Collected data
lemma fmeasurable_U1: "U1 n x \<in> fmeasurable lborel"
  by (rule fmeasurableI2[OF _ U1_subset_closed_interval sets_lborel_U1])
    (metis cbox_interval fmeasurable_cbox)

lemma lmeasurable_U1: "U1 n x \<in> lmeasurable"
  using fmeasurable_U1 by (simp add: fmeasurable_def emeasure_completion)

lemma mu1_nonneg: "0 \<le> mu1 n x"
  unfolding mu1_def by simp

lemma mu1_le: "mu1 n x \<le> 1 / 2^n"
proof -
  have "mu1 n x \<le> measure lborel {x - 1/2^(n+1) .. x + 1/2^(n+1)}"
    unfolding mu1_def
    by (rule measure_mono_fmeasurable[OF U1_subset_closed_interval sets_lborel_U1])
      (metis cbox_interval fmeasurable_cbox)
  also have "\<dots> = 1 / 2^n"
    by (simp add: measure_def)
  finally show ?thesis .
qed

lemma mu1_pos:
  assumes "x \<in> {0..1}"
  shows "0 < mu1 n x"
proof -
  define h :: real where "h = 1 / 2^(n+1)"
  have h: "0 < h" "h \<le> 1/2"
    unfolding h_def by (auto simp: field_simps)
  have U: "U1 n x = {x - h ..< x + h} \<inter> {0..1}"
    unfolding U1_def h_def by simp
  obtain a b where ab: "a < b" "{a..b} \<subseteq> U1 n x"
  proof (cases "x \<le> 1/2")
    case True
    show ?thesis by (rule that[of x "x + h/2"]) (use h True assms in \<open>auto simp: U\<close>)
  next
    case False
    show ?thesis by (rule that[of "x - h/2" x]) (use h False assms in \<open>auto simp: U\<close>)
  qed
  have "b - a = measure lborel {a..b}"
    using ab by (simp add: measure_def)
  also have "\<dots> \<le> mu1 n x"
    unfolding mu1_def by (rule measure_mono_fmeasurable[OF ab(2) _ fmeasurable_U1]) simp
  finally show ?thesis
    using ab by simp
qed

▶ [Directions for this task]: Exactly as they appear above, give the entries again.

▶ [Task answer]:
lemma fmeasurable_U1: "U1 n x \<in> fmeasurable lborel"
  by (rule fmeasurableI2[OF _ U1_subset_closed_interval sets_lborel_U1])
    (metis cbox_interval fmeasurable_cbox)

lemma lmeasurable_U1: "U1 n x \<in> lmeasurable"
  using fmeasurable_U1 by (simp add: fmeasurable_def emeasure_completion)

lemma mu1_nonneg: "0 \<le> mu1 n x"
  unfolding mu1_def by simp

lemma mu1_le: "mu1 n x \<le> 1 / 2^n"
proof -
  have "mu1 n x \<le> measure lborel {x - 1/2^(n+1) .. x + 1/2^(n+1)}"
    unfolding mu1_def
    by (rule measure_mono_fmeasurable[OF U1_subset_closed_interval sets_lborel_U1])
      (metis cbox_interval fmeasurable_cbox)
  also have "\<dots> = 1 / 2^n"
    by (simp add: measure_def)
  finally show ?thesis .
qed

lemma mu1_pos:
  assumes "x \<in> {0..1}"
  shows "0 < mu1 n x"
proof -
  define h :: real where "h = 1 / 2^(n+1)"
  have h: "0 < h" "h \<le> 1/2"
    unfolding h_def by (auto simp: field_simps)
  have U: "U1 n x = {x - h ..< x + h} \<inter> {0..1}"
    unfolding U1_def h_def by simp
  obtain a b where ab: "a < b" "{a..b} \<subseteq> U1 n x"
  proof (cases "x \<le> 1/2")
    case True
    show ?thesis by (rule that[of x "x + h/2"]) (use h True assms in \<open>auto simp: U\<close>)
  next
    case False
    show ?thesis by (rule that[of "x - h/2" x]) (use h False assms in \<open>auto simp: U\<close>)
  qed
  have "b - a = measure lborel {a..b}"
    using ab by (simp add: measure_def)
  also have "\<dots> \<le> mu1 n x"
    unfolding mu1_def by (rule measure_mono_fmeasurable[OF ab(2) _ fmeasurable_U1]) simp
  finally show ?thesis
    using ab by simp
qed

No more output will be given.